(Collected data entries)

******

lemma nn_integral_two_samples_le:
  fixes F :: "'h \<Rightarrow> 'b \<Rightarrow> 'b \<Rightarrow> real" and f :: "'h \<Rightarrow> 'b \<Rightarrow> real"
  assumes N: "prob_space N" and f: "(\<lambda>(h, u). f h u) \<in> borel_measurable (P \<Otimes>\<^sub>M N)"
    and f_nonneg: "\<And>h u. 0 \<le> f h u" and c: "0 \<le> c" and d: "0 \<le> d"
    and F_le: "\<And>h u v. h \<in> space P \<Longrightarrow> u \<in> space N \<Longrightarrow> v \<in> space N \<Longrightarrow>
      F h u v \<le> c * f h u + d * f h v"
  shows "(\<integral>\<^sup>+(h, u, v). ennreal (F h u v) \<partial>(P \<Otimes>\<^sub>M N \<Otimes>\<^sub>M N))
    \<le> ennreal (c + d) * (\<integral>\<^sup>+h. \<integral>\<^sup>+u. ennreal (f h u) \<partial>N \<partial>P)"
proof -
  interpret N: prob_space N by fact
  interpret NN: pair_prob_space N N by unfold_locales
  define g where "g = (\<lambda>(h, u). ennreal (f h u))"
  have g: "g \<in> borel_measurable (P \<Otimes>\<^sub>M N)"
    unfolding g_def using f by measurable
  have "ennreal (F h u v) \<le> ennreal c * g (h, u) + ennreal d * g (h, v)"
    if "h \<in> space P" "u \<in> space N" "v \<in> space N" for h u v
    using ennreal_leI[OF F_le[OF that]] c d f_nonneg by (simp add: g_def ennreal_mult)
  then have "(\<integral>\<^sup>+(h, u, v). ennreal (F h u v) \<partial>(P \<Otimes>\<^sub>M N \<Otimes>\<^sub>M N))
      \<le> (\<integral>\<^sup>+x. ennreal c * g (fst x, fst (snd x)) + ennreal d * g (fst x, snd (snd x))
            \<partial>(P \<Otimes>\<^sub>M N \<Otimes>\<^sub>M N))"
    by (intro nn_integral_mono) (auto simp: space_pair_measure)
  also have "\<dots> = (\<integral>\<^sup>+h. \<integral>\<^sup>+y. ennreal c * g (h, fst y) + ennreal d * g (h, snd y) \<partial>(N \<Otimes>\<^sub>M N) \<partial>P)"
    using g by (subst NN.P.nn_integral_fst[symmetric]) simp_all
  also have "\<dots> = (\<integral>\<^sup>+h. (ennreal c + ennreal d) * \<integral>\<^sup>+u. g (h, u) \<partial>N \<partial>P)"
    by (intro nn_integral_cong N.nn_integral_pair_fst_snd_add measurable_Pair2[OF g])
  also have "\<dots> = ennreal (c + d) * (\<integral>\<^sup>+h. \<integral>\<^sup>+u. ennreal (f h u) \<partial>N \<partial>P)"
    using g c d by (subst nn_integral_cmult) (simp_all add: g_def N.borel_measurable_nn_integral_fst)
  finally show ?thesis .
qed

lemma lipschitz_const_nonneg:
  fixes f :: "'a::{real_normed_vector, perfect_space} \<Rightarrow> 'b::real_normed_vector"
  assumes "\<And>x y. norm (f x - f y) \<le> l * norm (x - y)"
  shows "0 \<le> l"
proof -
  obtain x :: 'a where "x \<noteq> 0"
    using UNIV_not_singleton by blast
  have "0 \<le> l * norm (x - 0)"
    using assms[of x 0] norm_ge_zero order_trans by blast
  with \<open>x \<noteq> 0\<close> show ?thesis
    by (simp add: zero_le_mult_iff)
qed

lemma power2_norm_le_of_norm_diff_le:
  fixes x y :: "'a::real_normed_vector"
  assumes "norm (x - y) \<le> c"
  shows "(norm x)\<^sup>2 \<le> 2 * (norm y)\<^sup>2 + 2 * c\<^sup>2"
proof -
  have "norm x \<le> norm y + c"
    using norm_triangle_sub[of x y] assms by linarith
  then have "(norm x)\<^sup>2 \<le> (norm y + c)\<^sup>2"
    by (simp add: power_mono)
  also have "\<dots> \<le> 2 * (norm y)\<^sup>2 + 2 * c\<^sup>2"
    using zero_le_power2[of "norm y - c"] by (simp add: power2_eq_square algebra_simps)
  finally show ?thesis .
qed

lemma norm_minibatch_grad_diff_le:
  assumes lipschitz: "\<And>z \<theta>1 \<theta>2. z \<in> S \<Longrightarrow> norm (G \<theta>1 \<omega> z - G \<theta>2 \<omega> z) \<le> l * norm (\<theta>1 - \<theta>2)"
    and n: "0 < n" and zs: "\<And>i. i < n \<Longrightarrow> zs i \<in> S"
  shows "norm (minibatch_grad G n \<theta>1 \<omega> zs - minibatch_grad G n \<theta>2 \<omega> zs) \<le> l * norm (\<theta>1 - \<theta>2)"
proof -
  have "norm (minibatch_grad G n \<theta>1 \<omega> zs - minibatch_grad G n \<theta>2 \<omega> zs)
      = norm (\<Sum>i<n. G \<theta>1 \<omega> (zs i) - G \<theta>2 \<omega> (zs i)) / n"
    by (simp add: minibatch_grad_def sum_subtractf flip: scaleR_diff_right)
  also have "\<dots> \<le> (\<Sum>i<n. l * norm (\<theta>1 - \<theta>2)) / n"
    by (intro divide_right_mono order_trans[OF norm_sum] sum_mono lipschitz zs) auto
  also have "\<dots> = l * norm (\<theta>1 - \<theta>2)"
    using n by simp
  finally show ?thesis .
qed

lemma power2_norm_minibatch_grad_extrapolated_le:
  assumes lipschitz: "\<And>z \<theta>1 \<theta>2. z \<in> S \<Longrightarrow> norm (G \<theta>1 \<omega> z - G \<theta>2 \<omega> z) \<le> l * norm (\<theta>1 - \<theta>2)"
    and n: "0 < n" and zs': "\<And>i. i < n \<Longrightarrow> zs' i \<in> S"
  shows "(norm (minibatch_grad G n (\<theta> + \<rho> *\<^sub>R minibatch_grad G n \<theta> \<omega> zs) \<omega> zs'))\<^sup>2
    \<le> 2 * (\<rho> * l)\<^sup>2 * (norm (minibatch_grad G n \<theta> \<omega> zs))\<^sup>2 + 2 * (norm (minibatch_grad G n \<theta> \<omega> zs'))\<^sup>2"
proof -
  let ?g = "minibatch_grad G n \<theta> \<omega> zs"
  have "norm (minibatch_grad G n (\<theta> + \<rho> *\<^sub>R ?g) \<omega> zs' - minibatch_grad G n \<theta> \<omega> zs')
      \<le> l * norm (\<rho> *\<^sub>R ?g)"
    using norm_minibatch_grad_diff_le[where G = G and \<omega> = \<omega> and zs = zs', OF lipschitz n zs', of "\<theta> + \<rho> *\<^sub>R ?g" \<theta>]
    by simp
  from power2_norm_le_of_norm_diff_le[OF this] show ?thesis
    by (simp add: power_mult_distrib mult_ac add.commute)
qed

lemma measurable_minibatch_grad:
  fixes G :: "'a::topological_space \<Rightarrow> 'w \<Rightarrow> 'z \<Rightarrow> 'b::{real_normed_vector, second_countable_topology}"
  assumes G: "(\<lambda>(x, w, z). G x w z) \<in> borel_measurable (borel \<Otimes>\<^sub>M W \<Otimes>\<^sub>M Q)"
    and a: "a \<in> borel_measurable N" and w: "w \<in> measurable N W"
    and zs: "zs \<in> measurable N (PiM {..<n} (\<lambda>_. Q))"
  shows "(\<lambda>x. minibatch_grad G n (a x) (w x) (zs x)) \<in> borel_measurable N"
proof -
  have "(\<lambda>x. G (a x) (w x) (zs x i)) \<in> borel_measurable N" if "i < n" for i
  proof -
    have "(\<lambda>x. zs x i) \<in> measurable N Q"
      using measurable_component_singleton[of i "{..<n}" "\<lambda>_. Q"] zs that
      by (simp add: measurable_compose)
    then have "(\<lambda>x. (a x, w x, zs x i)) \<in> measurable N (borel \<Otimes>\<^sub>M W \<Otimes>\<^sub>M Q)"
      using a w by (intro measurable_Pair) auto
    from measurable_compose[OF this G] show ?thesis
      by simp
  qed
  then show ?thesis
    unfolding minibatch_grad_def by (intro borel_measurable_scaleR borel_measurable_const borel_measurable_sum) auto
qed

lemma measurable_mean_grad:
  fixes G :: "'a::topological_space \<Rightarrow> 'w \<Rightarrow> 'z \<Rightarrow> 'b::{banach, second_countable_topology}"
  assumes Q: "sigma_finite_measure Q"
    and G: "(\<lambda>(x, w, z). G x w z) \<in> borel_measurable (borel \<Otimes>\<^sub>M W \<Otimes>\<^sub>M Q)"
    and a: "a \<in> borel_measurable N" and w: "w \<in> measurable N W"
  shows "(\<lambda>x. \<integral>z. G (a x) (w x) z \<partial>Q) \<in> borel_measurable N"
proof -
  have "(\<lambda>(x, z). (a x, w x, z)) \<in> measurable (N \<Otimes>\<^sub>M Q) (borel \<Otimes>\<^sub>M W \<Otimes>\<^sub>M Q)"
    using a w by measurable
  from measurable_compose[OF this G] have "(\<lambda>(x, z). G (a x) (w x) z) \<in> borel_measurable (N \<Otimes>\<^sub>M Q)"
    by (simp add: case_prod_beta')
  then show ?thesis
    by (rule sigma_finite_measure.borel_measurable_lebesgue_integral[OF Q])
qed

******

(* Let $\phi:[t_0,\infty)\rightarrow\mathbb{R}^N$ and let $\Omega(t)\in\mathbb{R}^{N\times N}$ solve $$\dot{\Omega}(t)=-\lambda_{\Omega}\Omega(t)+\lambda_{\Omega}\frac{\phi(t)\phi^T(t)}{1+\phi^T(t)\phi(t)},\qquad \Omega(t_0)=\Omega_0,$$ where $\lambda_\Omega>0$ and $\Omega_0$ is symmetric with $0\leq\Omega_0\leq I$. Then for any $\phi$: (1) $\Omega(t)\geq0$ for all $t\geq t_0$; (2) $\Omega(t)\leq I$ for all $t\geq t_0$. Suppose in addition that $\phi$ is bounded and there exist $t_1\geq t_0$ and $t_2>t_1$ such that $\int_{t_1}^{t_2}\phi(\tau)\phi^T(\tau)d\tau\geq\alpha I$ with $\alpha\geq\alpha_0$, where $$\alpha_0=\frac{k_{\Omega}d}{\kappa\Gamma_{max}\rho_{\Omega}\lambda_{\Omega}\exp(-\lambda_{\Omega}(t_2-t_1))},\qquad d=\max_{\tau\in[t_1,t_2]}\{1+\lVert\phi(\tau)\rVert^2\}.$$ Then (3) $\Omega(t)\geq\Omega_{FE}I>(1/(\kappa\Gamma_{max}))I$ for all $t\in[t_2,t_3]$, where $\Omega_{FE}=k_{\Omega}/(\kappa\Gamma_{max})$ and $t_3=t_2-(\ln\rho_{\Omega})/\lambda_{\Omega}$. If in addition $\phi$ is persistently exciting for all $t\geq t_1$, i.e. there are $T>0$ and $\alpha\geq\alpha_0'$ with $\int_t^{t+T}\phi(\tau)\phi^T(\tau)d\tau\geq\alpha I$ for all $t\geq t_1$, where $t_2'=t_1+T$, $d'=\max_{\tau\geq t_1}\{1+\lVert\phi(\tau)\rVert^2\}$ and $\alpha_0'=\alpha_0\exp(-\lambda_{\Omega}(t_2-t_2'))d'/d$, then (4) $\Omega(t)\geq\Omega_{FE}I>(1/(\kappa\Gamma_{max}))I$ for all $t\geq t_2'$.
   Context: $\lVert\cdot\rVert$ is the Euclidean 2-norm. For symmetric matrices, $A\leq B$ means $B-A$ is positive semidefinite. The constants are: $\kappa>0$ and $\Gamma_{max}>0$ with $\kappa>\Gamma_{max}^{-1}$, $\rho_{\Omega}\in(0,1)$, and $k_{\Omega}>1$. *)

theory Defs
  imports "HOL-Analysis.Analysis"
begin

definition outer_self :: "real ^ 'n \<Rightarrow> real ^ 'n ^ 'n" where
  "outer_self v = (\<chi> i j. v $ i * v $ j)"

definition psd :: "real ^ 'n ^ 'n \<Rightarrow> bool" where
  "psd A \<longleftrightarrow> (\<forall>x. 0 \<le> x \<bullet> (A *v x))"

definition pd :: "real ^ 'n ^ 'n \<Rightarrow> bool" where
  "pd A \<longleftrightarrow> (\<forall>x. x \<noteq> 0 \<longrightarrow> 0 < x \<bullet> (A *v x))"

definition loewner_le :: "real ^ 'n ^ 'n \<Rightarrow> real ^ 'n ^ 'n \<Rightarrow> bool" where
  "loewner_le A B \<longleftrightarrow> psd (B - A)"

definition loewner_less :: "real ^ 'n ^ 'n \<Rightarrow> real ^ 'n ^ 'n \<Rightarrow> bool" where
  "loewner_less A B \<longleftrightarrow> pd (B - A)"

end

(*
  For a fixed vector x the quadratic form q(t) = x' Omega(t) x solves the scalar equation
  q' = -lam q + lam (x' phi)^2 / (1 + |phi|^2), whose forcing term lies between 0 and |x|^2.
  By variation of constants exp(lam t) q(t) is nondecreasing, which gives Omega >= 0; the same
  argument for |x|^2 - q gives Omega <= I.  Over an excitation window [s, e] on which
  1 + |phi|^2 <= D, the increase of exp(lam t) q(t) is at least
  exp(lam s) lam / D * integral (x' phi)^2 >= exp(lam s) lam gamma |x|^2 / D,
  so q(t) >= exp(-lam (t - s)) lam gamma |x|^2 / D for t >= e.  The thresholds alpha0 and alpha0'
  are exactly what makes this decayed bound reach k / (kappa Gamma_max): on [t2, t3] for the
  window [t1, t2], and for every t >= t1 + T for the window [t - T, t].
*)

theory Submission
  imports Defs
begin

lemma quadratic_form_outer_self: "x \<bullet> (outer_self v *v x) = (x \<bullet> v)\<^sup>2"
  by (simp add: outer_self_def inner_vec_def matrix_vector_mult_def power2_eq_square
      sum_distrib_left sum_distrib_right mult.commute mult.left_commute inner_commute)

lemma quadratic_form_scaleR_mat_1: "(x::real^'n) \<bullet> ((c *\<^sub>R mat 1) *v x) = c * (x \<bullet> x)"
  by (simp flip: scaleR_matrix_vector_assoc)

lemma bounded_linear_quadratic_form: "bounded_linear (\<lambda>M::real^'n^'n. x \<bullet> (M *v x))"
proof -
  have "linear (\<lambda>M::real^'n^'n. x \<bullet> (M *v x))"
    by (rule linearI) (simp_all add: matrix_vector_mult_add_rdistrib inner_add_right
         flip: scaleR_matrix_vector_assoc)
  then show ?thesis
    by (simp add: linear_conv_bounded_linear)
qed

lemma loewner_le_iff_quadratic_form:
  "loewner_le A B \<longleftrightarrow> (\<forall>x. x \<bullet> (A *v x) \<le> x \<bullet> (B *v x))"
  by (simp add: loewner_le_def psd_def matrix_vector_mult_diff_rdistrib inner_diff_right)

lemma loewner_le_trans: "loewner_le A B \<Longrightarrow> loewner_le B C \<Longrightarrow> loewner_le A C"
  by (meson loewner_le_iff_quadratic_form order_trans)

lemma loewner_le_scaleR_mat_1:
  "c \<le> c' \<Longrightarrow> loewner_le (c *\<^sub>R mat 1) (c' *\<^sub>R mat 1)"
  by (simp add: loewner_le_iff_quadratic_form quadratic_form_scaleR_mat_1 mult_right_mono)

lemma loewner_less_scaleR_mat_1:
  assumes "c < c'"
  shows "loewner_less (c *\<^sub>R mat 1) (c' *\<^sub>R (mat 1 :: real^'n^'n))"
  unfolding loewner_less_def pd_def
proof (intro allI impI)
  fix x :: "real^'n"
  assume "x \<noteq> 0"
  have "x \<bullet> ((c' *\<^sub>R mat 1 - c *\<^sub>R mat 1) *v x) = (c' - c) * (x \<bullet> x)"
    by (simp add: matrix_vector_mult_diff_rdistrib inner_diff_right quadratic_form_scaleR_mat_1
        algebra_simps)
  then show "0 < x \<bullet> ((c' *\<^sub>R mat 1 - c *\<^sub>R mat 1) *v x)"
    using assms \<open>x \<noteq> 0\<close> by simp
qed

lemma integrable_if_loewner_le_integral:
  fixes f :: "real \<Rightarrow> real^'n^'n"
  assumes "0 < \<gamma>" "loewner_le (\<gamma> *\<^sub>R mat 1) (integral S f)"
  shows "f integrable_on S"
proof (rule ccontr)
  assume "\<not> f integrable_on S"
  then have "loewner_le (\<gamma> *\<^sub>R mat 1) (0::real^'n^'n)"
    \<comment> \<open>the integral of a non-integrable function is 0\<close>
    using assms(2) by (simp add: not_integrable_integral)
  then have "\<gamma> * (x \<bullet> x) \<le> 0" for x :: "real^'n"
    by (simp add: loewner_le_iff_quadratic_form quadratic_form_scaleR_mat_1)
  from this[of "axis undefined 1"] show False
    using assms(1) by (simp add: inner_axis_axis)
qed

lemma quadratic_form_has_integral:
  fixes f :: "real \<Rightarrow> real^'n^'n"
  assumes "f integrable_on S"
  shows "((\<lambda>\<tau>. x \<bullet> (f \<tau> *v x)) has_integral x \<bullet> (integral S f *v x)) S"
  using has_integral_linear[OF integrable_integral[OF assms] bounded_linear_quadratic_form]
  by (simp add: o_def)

******

> Task description:
Look through the lines above and collect those with the word "intro".

> Exercise output:
    by (intro nn_integral_mono) (auto simp: space_pair_measure)
    by (intro nn_integral_cong N.nn_integral_pair_fst_snd_add measurable_Pair2[OF g])
    by (intro divide_right_mono order_trans[OF norm_sum] sum_mono lipschitz zs) auto
      using a w by (intro measurable_Pair) auto
    unfolding minibatch_grad_def by (intro borel_measurable_scaleR borel_measurable_const borel_measurable_sum) auto
proof (intro allI impI)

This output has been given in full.